473.4 Neoliberal policies, HIV-related vulnerability and AIDS activism in Mexico

Friday, August 3, 2012: 11:30 AM
Faculty of Economics, TBA
Oral Presentation
Hector Eloy RIVAS SANCHEZ , Sociology and Anthropology, PhD Student, Carleton, ON, Canada
This presentation is based on a qualitative research that interrogated whether and to what extent the institutional dynamics that have emerged in Mexico as a consequence of neoliberal state policies have shaped the vulnerability and institutional violence to which people living with HIV have been exposed.
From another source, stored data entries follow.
text \<open>
  Along a line M + s H the characteristic polynomial is z \<mapsto> det (A + z D). Its first derivative
  is trace (adj A D) (Jacobi's formula) and its second derivative is a quadratic form in D.
  Summing a quadratic form over an orthonormal basis of the Hermitian matrices contracts
  H$a$b * H$c$d to [a = d \<and> b = c]. Applied to the second derivative of P(X), the contraction inserts a
  transposition into every permutation of the Leibniz expansion, which flips its sign and
  leaves -P''(X). Applied to the product of first derivatives it leaves trace (adj A adj B)
  with A = X - M, B = Y - M; as B - A = (Y - X) Id, the identities A adj A = adj A A = det A Id
  give (Y - X) trace (adj A adj B) = det B trace (adj A) - det A trace (adj B), and
  trace (adj (X - M)) = P'(X).
\<close>

lemma has_field_derivative_prod_affine:
  fixes a b :: "'a \<Rightarrow> 'b::real_normed_field"
  shows "((\<lambda>z. \<Prod>i\<in>S. a i + z * b i) has_field_derivative
           (\<Sum>k\<in>S. b k * (\<Prod>i\<in>S - {k}. a i + z * b i))) (at z)"
  by (rule has_field_derivative_prod) (auto intro!: derivative_eq_intros)

lemma mat_matrix_mult_nth: "(mat c ** A) $ i $ j = c * A $ i $ j"
  by (simp add: matrix_matrix_mult_def mat_def if_distrib if_distribR cong: if_cong)

lemma matrix_mult_mat_commute: "A ** mat c = mat c ** (A :: 'a::comm_semiring_1^'n^'n)"
  by (simp add: vec_eq_iff matrix_matrix_mult_def mat_def if_distrib if_distribR mult.commute cong: if_cong)

lemma trace_mat_matrix_mult: "trace (mat c ** A) = c * trace A"
  by (simp add: trace_def mat_matrix_mult_nth sum_distrib_left)

lemma matrix_add_rdistrib: "(A + B) ** C = A ** C + B ** C"
  by (vector matrix_matrix_mult_def sum.distrib[symmetric] field_simps)

lemma matrix_mult_uminus_right: "A ** (- B) = - (A ** (B :: 'a::ring_1^'n^'m))"
  by (vector matrix_matrix_mult_def sum_negf)

lemma trace_uminus: "trace (- A) = - trace (A :: 'a::ring_1^'n^'n)"
  by (simp add: trace_def sum_negf)

definition cofactor :: "'a::comm_ring_1^'n^'n \<Rightarrow> 'n::finite \<Rightarrow> 'n \<Rightarrow> 'a" where
  "cofactor A k l = (\<Sum>p | p permutes UNIV.
     if p k = l then of_int (sign p) * (\<Prod>i\<in>UNIV - {k}. A$i$p i) else 0)"

definition adjugate :: "'a::comm_ring_1^'n^'n \<Rightarrow> 'a^'n^'n" where
  "adjugate A = (\<chi> i j. cofactor A j i)"

lemma sum_mult_cofactor:
  fixes A :: "'a::comm_ring_1^'n::finite^'n"
  shows "(\<Sum>l\<in>UNIV. A$j$l * cofactor A k l) = (if j = k then det A else 0)"
proof -
  define A' where "A' = (\<chi> i. if i = k then A$j else A$i)"
  have "(\<Sum>l\<in>UNIV. A$j$l * cofactor A k l)
      = (\<Sum>p | p permutes UNIV. \<Sum>l\<in>UNIV.
           if p k = l then A$j$l * (of_int (sign p) * (\<Prod>i\<in>UNIV - {k}. A$i$p i)) else 0)"
    unfolding cofactor_def sum_distrib_left by (subst sum.swap) (auto intro!: sum.cong)
  also have "\<dots> = (\<Sum>p | p permutes UNIV. of_int (sign p) * (A'$k$p k * (\<Prod>i\<in>UNIV - {k}. A'$i$p i)))"
    by (intro sum.cong) (auto simp: A'_def mult_ac)
  also have "\<dots> = det A'"
    unfolding det_def by (intro sum.cong refl) (simp add: prod.remove)
  also have "det A' = (if j = k then det A else 0)"
  proof (cases "j = k")
    case True
    then have "A' = A" by (simp add: A'_def vec_eq_iff)
    with True show ?thesis by simp
  next
    case False
    then have "row j A' = row k A'" by (simp add: A'_def row_def vec_eq_iff)
    with False show ?thesis by (simp add: det_identical_rows)
  qed
  finally show ?thesis .
qed

lemma matrix_mult_adjugate: "A ** adjugate A = mat (det A)"
  by (simp add: vec_eq_iff matrix_matrix_mult_def adjugate_def mat_def sum_mult_cofactor)

lemma cofactor_transpose:
  fixes A :: "'a::comm_ring_1^'n::finite^'n"
  shows "cofactor (transpose A) k l = cofactor A l k"
proof -
  have "cofactor (transpose A) k l = (\<Sum>q | q permutes UNIV.
     if inv q k = l then of_int (sign (inv q)) * (\<Prod>i\<in>UNIV - {k}. A$(inv q i)$i) else 0)"
    unfolding cofactor_def transpose_def
    by (rule sum.reindex_bij_witness[of _ inv inv]) (auto simp: permutes_inv permutes_inv_inv)
  also have "\<dots> = cofactor A l k"
    unfolding cofactor_def
  proof (intro sum.cong refl)
    fix q :: "'n \<Rightarrow> 'n" assume "q \<in> {q. q permutes UNIV}"
    then have q: "q permutes UNIV" by simp
    show "(if inv q k = l then of_int (sign (inv q)) * (\<Prod>i\<in>UNIV - {k}. A$(inv q i)$i) else 0)
      = (if q l = k then of_int (sign q) * (\<Prod>i\<in>UNIV - {l}. A$i$q i) else 0)"
    proof (cases "q l = k")
      case True
      have "(\<Prod>i\<in>UNIV - {k}. A$(inv q i)$i) = (\<Prod>i\<in>UNIV - {l}. A$i$q i)"
        by (rule prod.reindex_bij_witness[of _ q "inv q"])
           (use q True in \<open>auto simp: permutes_inverses permutes_inj[OF q, THEN inj_eq]\<close>)
      moreover have "inv q k = l"
        using q True by (metis permutes_inverses(2))
      ultimately show ?thesis
        using q True by (simp add: sign_inverse permutes_imp_permutation)
    qed (use q in \<open>auto simp: permutes_inverses\<close>)
  qed
  finally show ?thesis .
qed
Likewise, it interrogated the ways in which people living with HIV have organized as a social movement to deal with, contest and transform these forms of exclusion, subordination and institutional violence.
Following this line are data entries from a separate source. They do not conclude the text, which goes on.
(* Let each directed channel of a fully connected network of $n$ processes be timely independently with the same probability $p<1$ (with $p>0$ fixed). In a multi-hop Omega implementation, a leader can exist only if some process has directed paths of timely channels to all other processes. Then the probability of leader existence in any multi-hop Omega implementation, i.e. the probability that there exists a process having a directed path of timely channels to every other process, approaches $1$ exponentially fast as $n\to\infty$.
   Context: A network has $n$ processes and a directed channel from every process to every other process. Each directed channel is timely with probability $p$, independently of all other channels. In a multi-hop implementation of the Omega failure detector, a message may reach its destination by being forwarded through intermediate processes, so a process can be the leader provided it has a timely directed path (a path all of whose channels are timely) to every other process. *)

theory Defs
  imports "HOL-Probability.Probability"
begin

definition channels :: "nat \<Rightarrow> (nat \<times> nat) set" where
  "channels n = {(i, j). i < n \<and> j < n \<and> i \<noteq> j}"

definition timeliness_dist :: "real \<Rightarrow> nat \<Rightarrow> (nat \<times> nat \<Rightarrow> bool) pmf" where
  "timeliness_dist p n = Pi_pmf (channels n) False (\<lambda>_. bernoulli_pmf p)"

definition timely_channels :: "nat \<Rightarrow> (nat \<times> nat \<Rightarrow> bool) \<Rightarrow> (nat \<times> nat) set" where
  "timely_channels n t = {e \<in> channels n. t e}"

definition leader_exists :: "nat \<Rightarrow> (nat \<times> nat \<Rightarrow> bool) \<Rightarrow> bool" where
  "leader_exists n t \<longleftrightarrow>
     (\<exists>i<n. \<forall>j<n. j \<noteq> i \<longrightarrow> (i, j) \<in> (timely_channels n t)\<^sup>+)"

end

theory Submission
  imports Defs
begin

text \<open>
  Take process 0 as the candidate leader. It can miss a process \<open>j \<noteq> 0\<close> only if none of the
  \<open>n - 2\<close> relays \<open>k\<close> gives a timely two-hop path \<open>0 \<rightarrow> k \<rightarrow> j\<close>; these paths use pairwise
  disjoint channels, so this has probability \<open>(1 - p\<^sup>2) ^ (n - 2)\<close>. A union bound over \<open>j\<close>
  bounds the failure probability by \<open>(n - 1) (1 - p\<^sup>2) ^ (n - 2)\<close>, which is \<open>O(c ^ n)\<close>
  for \<open>c = sqrt (1 - p\<^sup>2)\<close>.
\<close>

definition depends_only_on :: "('a \<Rightarrow> 'b) set \<Rightarrow> 'a set \<Rightarrow> bool" where
  "depends_only_on E A \<longleftrightarrow> (\<forall>t t'. (\<forall>x\<in>A. t x = t' x) \<longrightarrow> (t \<in> E \<longleftrightarrow> t' \<in> E))"

lemma depends_only_onD:
  "depends_only_on E A \<Longrightarrow> (\<And>x. x \<in> A \<Longrightarrow> t x = t' x) \<Longrightarrow> t \<in> E \<longleftrightarrow> t' \<in> E"
  unfolding depends_only_on_def by blast

text \<open>Unlike \<open>measure_pmf_prob_product\<close>, no countability is needed: only the supports matter.\<close>
lemma measure_pmf_prob_pair_Times:
  "measure_pmf.prob (pair_pmf M N) (A \<times> B) = measure_pmf.prob M A * measure_pmf.prob N B"
proof -
  have "measure_pmf.prob (pair_pmf M N) (A \<times> B) =
        measure_pmf.prob (pair_pmf M N) ((A \<inter> set_pmf M) \<times> (B \<inter> set_pmf N))"
    by (subst measure_Int_set_pmf[symmetric]) (auto intro: arg_cong[where f = "measure_pmf.prob _"])
  also have "\<dots> = measure_pmf.prob M (A \<inter> set_pmf M) * measure_pmf.prob N (B \<inter> set_pmf N)"
    by (rule measure_pmf_prob_product) auto
  finally show ?thesis by (simp add: measure_Int_set_pmf)
qed

lemma measure_Pi_pmf_subset_event:
  assumes "finite A" "A' \<subseteq> A" "depends_only_on E A'"
  shows "measure_pmf.prob (Pi_pmf A dflt D) E = measure_pmf.prob (Pi_pmf A' dflt D) E"
proof -
  have "(\<lambda>f x. if x \<in> A' then f x else dflt) f \<in> E \<longleftrightarrow> f \<in> E" for f
    by (rule depends_only_onD[OF assms(3)]) simp
  then have "(\<lambda>f x. if x \<in> A' then f x else dflt) -` E = E" by blast
  then show ?thesis by (simp add: Pi_pmf_subset[OF assms(1,2)])
qed

lemma measure_Pi_pmf_disjoint_blocks:
  assumes "finite K" "\<And>k. k \<in> K \<Longrightarrow> finite (B k)" "disjoint_family_on B K"
    and "\<And>k. k \<in> K \<Longrightarrow> depends_only_on (E k) (B k)"
  shows "measure_pmf.prob (Pi_pmf (\<Union>k\<in>K. B k) dflt D) {t. \<forall>k\<in>K. t \<in> E k} =
         (\<Prod>k\<in>K. measure_pmf.prob (Pi_pmf (B k) dflt D) (E k))"
  using assms
proof (induction K rule: finite_induct)
  case empty
  then show ?case by simp
next
  case (insert k K)
  let ?merge = "\<lambda>(f, g) x. if x \<in> B k then f x else g x"
  have disj: "B k \<inter> (\<Union>k'\<in>K. B k') = {}"
    using insert.prems(2) insert.hyps(2) by (fastforce simp: disjoint_family_on_def)
  have "?merge -` {t. \<forall>k'\<in>insert k K. t \<in> E k'} = E k \<times> {g. \<forall>k'\<in>K. g \<in> E k'}"
  proof -
    have "?merge (f, g) \<in> E k \<longleftrightarrow> f \<in> E k" for f g
      by (rule depends_only_onD[OF insert.prems(3)]) auto
    moreover have "?merge (f, g) \<in> E k' \<longleftrightarrow> g \<in> E k'" if "k' \<in> K" for f g k'
      using that disj by (intro depends_only_onD[OF insert.prems(3)]) auto
    ultimately show ?thesis by fastforce
  qed
  moreover have "(\<Union>k'\<in>insert k K. B k') = B k \<union> (\<Union>k'\<in>K. B k')" by simp
  ultimately show ?case
    using insert disj
    by (simp add: Pi_pmf_union measure_pmf_prob_pair_Times disjoint_family_on_insert)
qed

lemma measure_Pi_pmf_bernoulli_not_both:
  assumes "a \<noteq> b" "0 \<le> p" "p \<le> 1"
  shows "measure_pmf.prob (Pi_pmf {a, b} False (\<lambda>_. bernoulli_pmf p)) {t. \<not> (t a \<and> t b)} = 1 - p\<^sup>2"
proof -
  let ?M = "Pi_pmf {a, b} False (\<lambda>_. bernoulli_pmf p)"
  have "{t. t a \<and> t b} = Pi {a, b} (\<lambda>_. {True})" by (auto simp: Pi_def)
  then have "measure_pmf.prob ?M {t. t a \<and> t b} = p\<^sup>2"
    using assms by (simp add: measure_Pi_pmf_Pi measure_pmf_single power2_eq_square)
  moreover have "{t. \<not> (t a \<and> t b)} = space ?M - {t. t a \<and> t b}" by auto
  ultimately show ?thesis
    using measure_pmf.prob_compl[of "{t. t a \<and> t b}" ?M] by simp
qed

definition no_two_hop_path :: "nat \<Rightarrow> nat \<Rightarrow> (nat \<times> nat \<Rightarrow> bool) set" where
  "no_two_hop_path n j = {t. \<forall>k\<in>{1..<n} - {j}. \<not> (t (0, k) \<and> t (k, j))}"

lemma prob_no_two_hop_path:
  assumes "0 \<le> p" "p \<le> 1" "0 < j" "j < n"
  shows "measure_pmf.prob (timeliness_dist p n) (no_two_hop_path n j) = (1 - p\<^sup>2) ^ (n - 2)"
proof -
  let ?K = "{1..<n} - {j}"
  let ?B = "\<lambda>k. {(0, k), (k, j)}"
  let ?E = "\<lambda>k. {t. \<not> (t (0, k) \<and> t (k, j))}"
  let ?D = "\<lambda>A. Pi_pmf A False (\<lambda>_. bernoulli_pmf (p::real))"
  have event: "no_two_hop_path n j = {t. \<forall>k\<in>?K. t \<in> ?E k}"
    by (simp add: no_two_hop_path_def)
  have "finite (channels n)"
    by (rule finite_subset[of _ "{..<n} \<times> {..<n}"]) (auto simp: channels_def)
  moreover have "(\<Union>k\<in>?K. ?B k) \<subseteq> channels n"
    using assms by (auto simp: channels_def)
  moreover have "depends_only_on (no_two_hop_path n j) (\<Union>k\<in>?K. ?B k)"
    by (auto simp: depends_only_on_def no_two_hop_path_def)
  ultimately have "measure_pmf.prob (timeliness_dist p n) (no_two_hop_path n j) =
      measure_pmf.prob (?D (\<Union>k\<in>?K. ?B k)) {t. \<forall>k\<in>?K. t \<in> ?E k}"
    unfolding timeliness_dist_def event by (rule measure_Pi_pmf_subset_event)
  also have "\<dots> = (\<Prod>k\<in>?K. measure_pmf.prob (?D (?B k)) (?E k))"
    by (rule measure_Pi_pmf_disjoint_blocks)
       (auto simp: disjoint_family_on_def depends_only_on_def)
  also have "\<dots> = (\<Prod>k\<in>?K. 1 - p\<^sup>2)"
    using assms by (intro prod.cong refl measure_Pi_pmf_bernoulli_not_both) auto
  also have "\<dots> = (1 - p\<^sup>2) ^ (n - 2)"
    using assms by (simp add: numeral_2_eq_2)
  finally show ?thesis .
qed

lemma not_leader_exists_subset_no_two_hop_path:
  assumes "0 < n"
  shows "{t. \<not> leader_exists n t} \<subseteq> (\<Union>j\<in>{1..<n}. no_two_hop_path n j)"
proof
  fix t assume "t \<in> {t. \<not> leader_exists n t}"
  then obtain j where j: "j < n" "j \<noteq> 0" "(0, j) \<notin> (timely_channels n t)\<^sup>+"
    using assms unfolding leader_exists_def by auto
  have "\<not> (t (0, k) \<and> t (k, j))" if "k \<in> {1..<n} - {j}" for k
  proof
    assume "t (0, k) \<and> t (k, j)"
    then have "(0, k) \<in> timely_channels n t" "(k, j) \<in> timely_channels n t"
      using that j by (auto simp: timely_channels_def channels_def)
    with j show False by (meson trancl.r_into_trancl trancl_into_trancl)
  qed
  with j show "t \<in> (\<Union>j\<in>{1..<n}. no_two_hop_path n j)"
    unfolding no_two_hop_path_def by (intro UN_I[of j]) auto
qed

lemma prob_not_leader_exists_le:
  assumes "0 \<le> p" "p \<le> 1" "0 < n"
  shows "1 - measure_pmf.prob (timeliness_dist p n) {t. leader_exists n t} \<le>
         real (n - 1) * (1 - p\<^sup>2) ^ (n - 2)"
proof -
  let ?M = "timeliness_dist p n"
  have "1 - measure_pmf.prob ?M {t. leader_exists n t} = measure_pmf.prob ?M {t. \<not> leader_exists n t}"
    using measure_pmf.prob_compl[of "{t. leader_exists n t}" ?M]
    by (simp add: Compl_eq_Diff_UNIV[symmetric] Collect_neg_eq[symmetric])
  also have "\<dots> \<le> measure_pmf.prob ?M (\<Union>j\<in>{1..<n}. no_two_hop_path n j)"
    using assms(3) by (intro measure_pmf.finite_measure_mono not_leader_exists_subset_no_two_hop_path) auto
  also have "\<dots> \<le> (\<Sum>j\<in>{1..<n}. measure_pmf.prob ?M (no_two_hop_path n j))"
    by (rule measure_pmf.finite_measure_subadditive_finite) auto
  also have "\<dots> = real (n - 1) * (1 - p\<^sup>2) ^ (n - 2)"
    using assms by (simp add: prob_no_two_hop_path)
  finally show ?thesis .
qed

lemma real_mult_power_le:
  fixes c :: real
  assumes "0 < c" "c < 1"
  shows "real n * c ^ n \<le> c / (1 - c)"
proof -
  define d where "d = (1 - c) / c"
  have "0 < d" using assms by (simp add: d_def)
  have "1 + real n * d \<le> (1 + d) ^ n"
    using \<open>0 < d\<close> by (intro Bernoulli_inequality) simp
  also have "(1 + d) ^ n * c ^ n = 1"
    using assms by (simp add: d_def field_simps flip: power_mult_distrib)
  ultimately have "real n * d * c ^ n \<le> 1"
    using assms by (smt (verit) mult_right_mono zero_le_power)
  then show ?thesis
    using assms by (simp add: d_def field_simps)
qed

lemma real_mult_power_shift_le:
  fixes q :: real
  assumes "0 < q" "q < 1"
  shows "real (n - 1) * q ^ (n - 2) \<le> sqrt q / ((1 - sqrt q) * q\<^sup>2) * sqrt q ^ n"
proof (cases "n < 2")
  case True
  then have "real (n - 1) = 0" by auto
  then show ?thesis using assms by simp
next
  case False
  let ?c = "sqrt q"
  have c: "0 < ?c" "?c < 1" using assms by auto
  have "q ^ n = q ^ (n - 2) * q\<^sup>2"
    using False by (metis le_add_diff_inverse2 not_less power_add)
  then have "real (n - 1) * q ^ (n - 2) \<le> real n * q ^ n / q\<^sup>2"
    using assms by (simp add: mult_right_mono)
  also have "\<dots> = (real n * ?c ^ n) * ?c ^ n / q\<^sup>2"
    using assms by (simp flip: power_mult_distrib)
  also have "\<dots> \<le> ?c / (1 - ?c) * ?c ^ n / q\<^sup>2"
    using c by (intro divide_right_mono mult_right_mono real_mult_power_le) auto
  finally show ?thesis by simp
qed

theorem theorem2:
  fixes p :: real
  assumes "0 < p" and "p < 1"
  shows "\<exists>C c. 0 < c \<and> c < 1 \<and>
           (\<forall>n. 1 - measure_pmf.prob (timeliness_dist p n) {t. leader_exists n t} \<le> C * c ^ n)"
proof -
  define q where "q = 1 - p\<^sup>2"
  have q: "0 < q" "q < 1" unfolding q_def using assms by (auto simp: power_less_one_iff)
  define C where "C = max 1 (sqrt q / ((1 - sqrt q) * q\<^sup>2))"
  have "1 - measure_pmf.prob (timeliness_dist p n) {t. leader_exists n t} \<le> C * sqrt q ^ n" for n
  proof (cases "n = 0")
    case True
    \<comment> \<open>an empty network has no leader, so the failure probability is 1\<close>
    then show ?thesis by (simp add: C_def leader_exists_def)
  next
    case False
    then have "1 - measure_pmf.prob (timeliness_dist p n) {t. leader_exists n t} \<le> real (n - 1) * q ^ (n - 2)"
      using assms unfolding q_def by (intro prob_not_leader_exists_le) auto
    also have "\<dots> \<le> sqrt q / ((1 - sqrt q) * q\<^sup>2) * sqrt q ^ n"
      using q by (rule real_mult_power_shift_le)
    also have "\<dots> \<le> C * sqrt q ^ n"
      unfolding C_def using q by (intro mult_right_mono) auto
    finally show ?thesis .
  qed
  moreover have "0 < sqrt q" "sqrt q < 1" using q by auto
  ultimately show ?thesis by blast
qed

end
Using a hybrid theoretical framework that combines a neo-Marxian understanding of neoliberalism as a class power restoration project and a political process approach, this presentation: 1) will argue that the neoliberal reforms to the health care system implemented by the Mexican state over the last 20 years, along with a set of representations that imagine HIV as a ‘homosexual disease,’ have underpinned the forms of violence, displacement and vulnerability to which people living with HIV have been exposed, 2) will localize, describe and analyze the emergence and transformation of AIDS activism and its repertories of protest in relation to the broad social transformations in Mexican society, and 3) will contend that the struggles for social recognition and forms of redistribution, carried out by AIDS activists, along with other Mexican insurgencies (Zapatistas, sex workers, and displaced peasants), are obstructing the consolidation of the neoliberal project in Mexico. They do this by putting into practice a series of contentious politics that have generated institutional dynamics that guarantee forms of social inclusion, legal reforms that have expanded the constitutional right to the health care, and redistributive policies that have been beneficial to the sick and the needy in Mexican society.

20 in-depth interviews with AIDS activists were conducted, as well as primary and secondary data collected from official government documents, media reports, bibliographic and hemerographic material.